# Toddy Mule/1745’s



## Bugar (Dec 24, 2009)

Put some 1745/s on my good ol’ Mule, dunno what toddy’d say bout it, but works just grand, don’t nobody tell him, he might be offended.


----------



## Ibojoe (Mar 13, 2016)

That’s classic. One to be proud of.


----------



## MOJAVE MO (Apr 11, 2018)

I bet she hums!

Sent from my SM-G965U using Tapatalk


----------



## MakoPat (Mar 12, 2018)

I have a few on my build bench...nothing quite like a Mule.
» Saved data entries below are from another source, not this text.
lemma
  fixes h :: "'a \<Rightarrow> real"
  assumes N: "prob_space N" and K: "finite K" "i \<in> K" "k \<in> K"
    and h: "integrable N h" "integrable N (\<lambda>x. (h x)\<^sup>2)"
  shows integrable_iid_pair: "integrable (PiM K (\<lambda>_. N)) (\<lambda>X. h (X i) * h (X k))"
    and integral_iid_pair: "(\<integral>X. h (X i) * h (X k) \<partial>PiM K (\<lambda>_. N)) =
      (if i = k then \<integral>x. (h x)\<^sup>2 \<partial>N else (integral\<^sup>L N h)\<^sup>2)"
proof -
  have "integrable (PiM K (\<lambda>_. N)) (\<lambda>X. h (X i) * h (X k)) \<and>
    (\<integral>X. h (X i) * h (X k) \<partial>PiM K (\<lambda>_. N)) = (if i = k then \<integral>x. (h x)\<^sup>2 \<partial>N else (integral\<^sup>L N h)\<^sup>2)"
  proof (cases "i = k")
    case True
    then show ?thesis
      using integrable_PiM_prod_subset[OF N K(1), of "{i}" "\<lambda>_ x. (h x)\<^sup>2"]
        integral_PiM_prod_subset[OF N K(1), of "{i}" "\<lambda>_ x. (h x)\<^sup>2"] K h
      by (simp add: power2_eq_square)
  next
    case False
    then show ?thesis
      using integrable_PiM_prod_subset[OF N K(1), of "{i, k}" "\<lambda>_. h"]
        integral_PiM_prod_subset[OF N K(1), of "{i, k}" "\<lambda>_. h"] K h
      by (simp add: power2_eq_square)
  qed
  then show "integrable (PiM K (\<lambda>_. N)) (\<lambda>X. h (X i) * h (X k))"
    "(\<integral>X. h (X i) * h (X k) \<partial>PiM K (\<lambda>_. N)) = (if i = k then \<integral>x. (h x)\<^sup>2 \<partial>N else (integral\<^sup>L N h)\<^sup>2)"
    by auto
qed

lemma prob_iid_sum_deviation_less:
  fixes h :: "'a \<Rightarrow> real"
  assumes N: "prob_space N" and K: "finite K" "S \<subseteq> K"
    and h: "integrable N h" "integrable N (\<lambda>x. (h x)\<^sup>2)" and a: "0 < a"
  defines "P \<equiv> PiM K (\<lambda>_. N)"
  shows "1 - real (card S) * (\<integral>x. (h x)\<^sup>2 \<partial>N) / a\<^sup>2 \<le>
    measure P {X \<in> space P. \<bar>(\<Sum>i\<in>S. h (X i)) - real (card S) * integral\<^sup>L N h\<bar> < a}"
proof -
  interpret P: prob_space P
    unfolding P_def by (rule prob_space_PiM[OF N])
  define \<mu> where "\<mu> = integral\<^sup>L N h"
  define \<nu> where "\<nu> = (\<integral>x. (h x)\<^sup>2 \<partial>N)"
  define T where "T X = (\<Sum>i\<in>S. h (X i))" for X
  have S: "finite S" "\<And>i. i \<in> S \<Longrightarrow> i \<in> K"
    using K finite_subset by blast+
  have single: "integrable P (\<lambda>X. h (X i))" "P.expectation (\<lambda>X. h (X i)) = \<mu>" if "i \<in> S" for i
    using integrable_PiM_prod_subset[OF N K(1), of "{i}" "\<lambda>_. h"]
      integral_PiM_prod_subset[OF N K(1), of "{i}" "\<lambda>_. h"] S(2)[OF that] h by (auto simp: P_def \<mu>_def)
  note pair = integrable_iid_pair[OF N K(1) S(2) S(2) h, folded P_def]
    integral_iid_pair[OF N K(1) S(2) S(2) h, folded P_def \<mu>_def \<nu>_def]
  have sq: "(T X)\<^sup>2 = (\<Sum>i\<in>S. \<Sum>k\<in>S. h (X i) * h (X k))" for X
    unfolding T_def power2_eq_square sum_product ..
  have T: "integrable P T" "P.expectation T = real (card S) * \<mu>"
    unfolding T_def by (simp_all add: single Bochner_Integration.integral_sum[OF single(1)])
  have T2: "integrable P (\<lambda>X. (T X)\<^sup>2)"
    unfolding sq by (intro Bochner_Integration.integrable_sum pair) auto
  have [measurable]: "T \<in> borel_measurable P"
    using T(1) by auto
  have "P.expectation (\<lambda>X. (T X)\<^sup>2) = (\<Sum>i\<in>S. \<Sum>k\<in>S. if i = k then \<nu> else \<mu>\<^sup>2)"
    unfolding sq by (simp add: Bochner_Integration.integral_sum Bochner_Integration.integrable_sum pair)
  also have "\<dots> = (\<Sum>i\<in>S. \<Sum>k\<in>S. \<mu>\<^sup>2 + (if i = k then \<nu> - \<mu>\<^sup>2 else 0))"
    by (intro sum.cong) auto
  also have "\<dots> = real (card S) * (\<nu> - \<mu>\<^sup>2) + (real (card S) * \<mu>)\<^sup>2"
    using S(1) by (simp add: sum.distrib power2_eq_square algebra_simps)
  finally have "P.variance T = real (card S) * (\<nu> - \<mu>\<^sup>2)"
    using P.variance_eq[OF T(1) T2] T(2) by simp
  also have "\<dots> \<le> real (card S) * \<nu>"
    by (simp add: mult_left_mono)
  finally have "P.prob {X \<in> space P. a \<le> \<bar>T X - P.expectation T\<bar>} \<le> real (card S) * \<nu> / a\<^sup>2"
    using P.Chebyshev_inequality[OF _ T2 a] by (simp add: divide_right_mono order_trans)
  then have "1 - real (card S) * \<nu> / a\<^sup>2 \<le> P.prob {X \<in> space P. \<bar>T X - P.expectation T\<bar> < a}"
    by (rule P.prob_less_ge[rotated]) measurable
  then show ?thesis
    by (simp add: T T_def \<mu>_def \<nu>_def)
qed

definition gram :: "nat \<Rightarrow> (nat \<times> nat \<Rightarrow> real) \<Rightarrow> nat \<Rightarrow> nat \<Rightarrow> real" where
  "gram m X j k = (\<Sum>i<m. X (i, j) * X (i, k))"

lemma
  fixes N :: "real measure" and m n :: nat
  assumes N: "prob_space N" and mean: "has_bochner_integral N (\<lambda>x. x) 0"
    and var: "has_bochner_integral N (\<lambda>x. x\<^sup>2) 1" and j: "0 < j" "j < n"
  defines "P \<equiv> PiM ({..<m} \<times> {..<n}) (\<lambda>_. N)"
  shows integrable_gram_cross_sq: "integrable P (\<lambda>X. (gram m X 0 j)\<^sup>2)"
    and integral_gram_cross_sq: "(\<integral>X. (gram m X 0 j)\<^sup>2 \<partial>P) = real m"
proof -
  have K: "finite ({..<m} \<times> {..<n})"
    by simp
  have moment: "integrable P (\<lambda>X. X (i, 0) * X (i, j) * (X (k, 0) * X (k, j))) \<and>
      (\<integral>X. X (i, 0) * X (i, j) * (X (k, 0) * X (k, j)) \<partial>P) = (if i = k then 1 else 0)"
    if "i < m" "k < m" for i k
  proof (cases "i = k")
    case True
    have eq: "(\<lambda>X. X (i, 0) * X (i, j) * (X (k, 0) * X (k, j))) = (\<lambda>X. \<Prod>c\<in>{(i, 0), (i, j)}. (X c)\<^sup>2)"
      using j True by (auto simp: power2_eq_square fun_eq_iff algebra_simps)
    show ?thesis
      unfolding eq using integrable_PiM_prod_subset[OF N K, of "{(i, 0), (i, j)}" "\<lambda>_ x. x\<^sup>2"]
        integral_PiM_prod_subset[OF N K, of "{(i, 0), (i, j)}" "\<lambda>_ x. x\<^sup>2"] that j True var
      by (auto simp: P_def has_bochner_integral_iff)
  next
    case False
    have eq: "(\<lambda>X. X (i, 0) * X (i, j) * (X (k, 0) * X (k, j))) = (\<lambda>X. \<Prod>c\<in>{(i, 0), (i, j), (k, 0), (k, j)}. X c)"
      using j False by (auto simp: fun_eq_iff algebra_simps)
    show ?thesis
      unfolding eq using integrable_PiM_prod_subset[OF N K, of "{(i, 0), (i, j), (k, 0), (k, j)}" "\<lambda>_ x. x"]
        integral_PiM_prod_subset[OF N K, of "{(i, 0), (i, j), (k, 0), (k, j)}" "\<lambda>_ x. x"] that j False mean
      by (auto simp: P_def has_bochner_integral_iff)
  qed
  have sq: "(gram m X 0 j)\<^sup>2 = (\<Sum>i<m. \<Sum>k<m. X (i, 0) * X (i, j) * (X (k, 0) * X (k, j)))" for X
    unfolding gram_def power2_eq_square sum_product by simp
  show "integrable P (\<lambda>X. (gram m X 0 j)\<^sup>2)"
    unfolding sq by (intro Bochner_Integration.integrable_sum moment[THEN conjunct1]) auto
  have "(\<integral>X. (gram m X 0 j)\<^sup>2 \<partial>P) = (\<Sum>i<m. \<integral>X. (\<Sum>k<m. X (i, 0) * X (i, j) * (X (k, 0) * X (k, j))) \<partial>P)"
    unfolding sq by (rule Bochner_Integration.integral_sum)
      (auto intro!: Bochner_Integration.integrable_sum moment[THEN conjunct1])
  also have "\<dots> = (\<Sum>i<m. \<Sum>k<m. \<integral>X. X (i, 0) * X (i, j) * (X (k, 0) * X (k, j)) \<partial>P)"
    by (intro sum.cong refl Bochner_Integration.integral_sum) (auto intro: moment[THEN conjunct1])
  also have "\<dots> = (\<Sum>i<m. \<Sum>k<m. if i = k then 1 else 0)"
    by (intro sum.cong refl) (simp add: moment)
  finally show "(\<integral>X. (gram m X 0 j)\<^sup>2 \<partial>P) = real m"
    by simp
qed

lemma prob_gram_cross_less:
  fixes N :: "real measure" and m n :: nat
  assumes N: "prob_space N" and mean: "has_bochner_integral N (\<lambda>x. x) 0"
    and var: "has_bochner_integral N (\<lambda>x. x\<^sup>2) 1" and a: "0 < a"
  defines "P \<equiv> PiM ({..<m} \<times> {..<n}) (\<lambda>_. N)"
  shows "1 - real (n - 1) * real m / a \<le>
    measure P {X \<in> space P. (\<Sum>j\<in>{1..<n}. (gram m X 0 j)\<^sup>2) < a}"
proof -
  interpret P: prob_space P
    unfolding P_def by (rule prob_space_PiM[OF N])
  define C where "C X = (\<Sum>j\<in>{1..<n}. (gram m X 0 j)\<^sup>2)" for X :: "nat \<times> nat \<Rightarrow> real"
  note cross = integrable_gram_cross_sq[OF N mean var, where m = m and n = n, folded P_def]
    integral_gram_cross_sq[OF N mean var, where m = m and n = n, folded P_def]
  have int: "integrable P C"
    unfolding C_def by (intro Bochner_Integration.integrable_sum cross) auto
  have "P.expectation C = real (n - 1) * real m"
    unfolding C_def by (simp add: Bochner_Integration.integral_sum cross)
  moreover have "AE X in P. 0 \<le> C X"
    by (simp add: C_def sum_nonneg)
  ultimately have "P.prob {X \<in> space P. a \<le> C X} \<le> real (n - 1) * real m / a"
    using integral_Markov_inequality_measure[OF int sets.top _ a] by simp
  then show ?thesis
    using P.prob_less_ge[of C] int by (simp add: C_def)
qed

section \<open>The standard Gaussian\<close>

abbreviation \<phi> :: "real \<Rightarrow> real" where
  "\<phi> \<equiv> std_normal_density"

lemma prob_space_std_gauss: "prob_space std_gauss"
  unfolding std_gauss_def by (rule prob_space_normal_density) simp

interpretation std_gauss: prob_space std_gauss
  by (rule prob_space_std_gauss)

lemma space_std_gauss [simp]: "space std_gauss = UNIV"
  and sets_std_gauss [simp]: "sets std_gauss = sets borel"
  unfolding std_gauss_def by simp_all

lemma
  fixes f :: "real \<Rightarrow> real"
  assumes [measurable]: "f \<in> borel_measurable borel"
  shows integrable_std_gauss_iff:
      "integrable std_gauss f \<longleftrightarrow> integrable lborel (\<lambda>x. \<phi> x * f x)"
    and integral_std_gauss:
      "integral\<^sup>L std_gauss f = (\<integral>x. \<phi> x * f x \<partial>lborel)"
  unfolding std_gauss_def by (simp_all add: integrable_density integral_density)

lemma has_bochner_integral_std_gauss_iff:
  fixes f :: "real \<Rightarrow> real"
  assumes "f \<in> borel_measurable borel"
  shows "has_bochner_integral std_gauss f c \<longleftrightarrow>
    has_bochner_integral lborel (\<lambda>x. \<phi> x * f x) c"
  using assms by (simp add: has_bochner_integral_iff integrable_std_gauss_iff integral_std_gauss)

lemma std_gauss_moment_1: "has_bochner_integral std_gauss (\<lambda>x. x) 0"
  using std_normal_moment_odd[of 0] by (simp add: has_bochner_integral_std_gauss_iff)

lemma std_gauss_moment_2: "has_bochner_integral std_gauss (\<lambda>x. x\<^sup>2) 1"
  using std_normal_moment_even[of 1] by (simp add: has_bochner_integral_std_gauss_iff)

lemma std_gauss_moment_4: "has_bochner_integral std_gauss (\<lambda>x. (x\<^sup>2)\<^sup>2) 3"
  using std_normal_moment_even[of 2]
  by (simp add: has_bochner_integral_std_gauss_iff fact_numeral flip: power_mult)

lemma std_gauss_moment_abs: "has_bochner_integral std_gauss abs (2 * \<phi> 0)"
proof -
  have "sqrt (2 / pi) = 2 * \<phi> 0"
    by (simp add: std_normal_density_def real_sqrt_divide field_simps real_sqrt_mult)
  then show ?thesis
    using std_normal_moment_abs_odd[of 0] by (simp add: has_bochner_integral_std_gauss_iff)
qed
I hope Toddy don't catch you tube shooting...or me either.

I like 1636 on a mmMini- Mule I make for looped tubes.

This one looks awesome, like a museum piece that wants to be handled.


----------



## mattwalt (Jan 5, 2017)

Thought Toddy perfected one of the simplest tube-attachments with the mule... Though double 1745 is a lot of elastic.


----------



## wll (Oct 4, 2014)

Yes, Toddy made some great Mules for sure, here is one of mine with orange dub using a gypsy tie.










wll


----------



## MOJAVE MO (Apr 11, 2018)

mattwalt said:


> Thought Toddy perfected one of the simplest tube-attachments with the mule... Though double 1745 is a lot of elastic.


The Snare-Wrap....is that correct?

Sent from my SM-G965U using Tapatalk


----------



## mattwalt (Jan 5, 2017)

Paracord gypsy tabs


----------



## 31610 (Aug 20, 2017)

Nice mule should work well with tubes


----------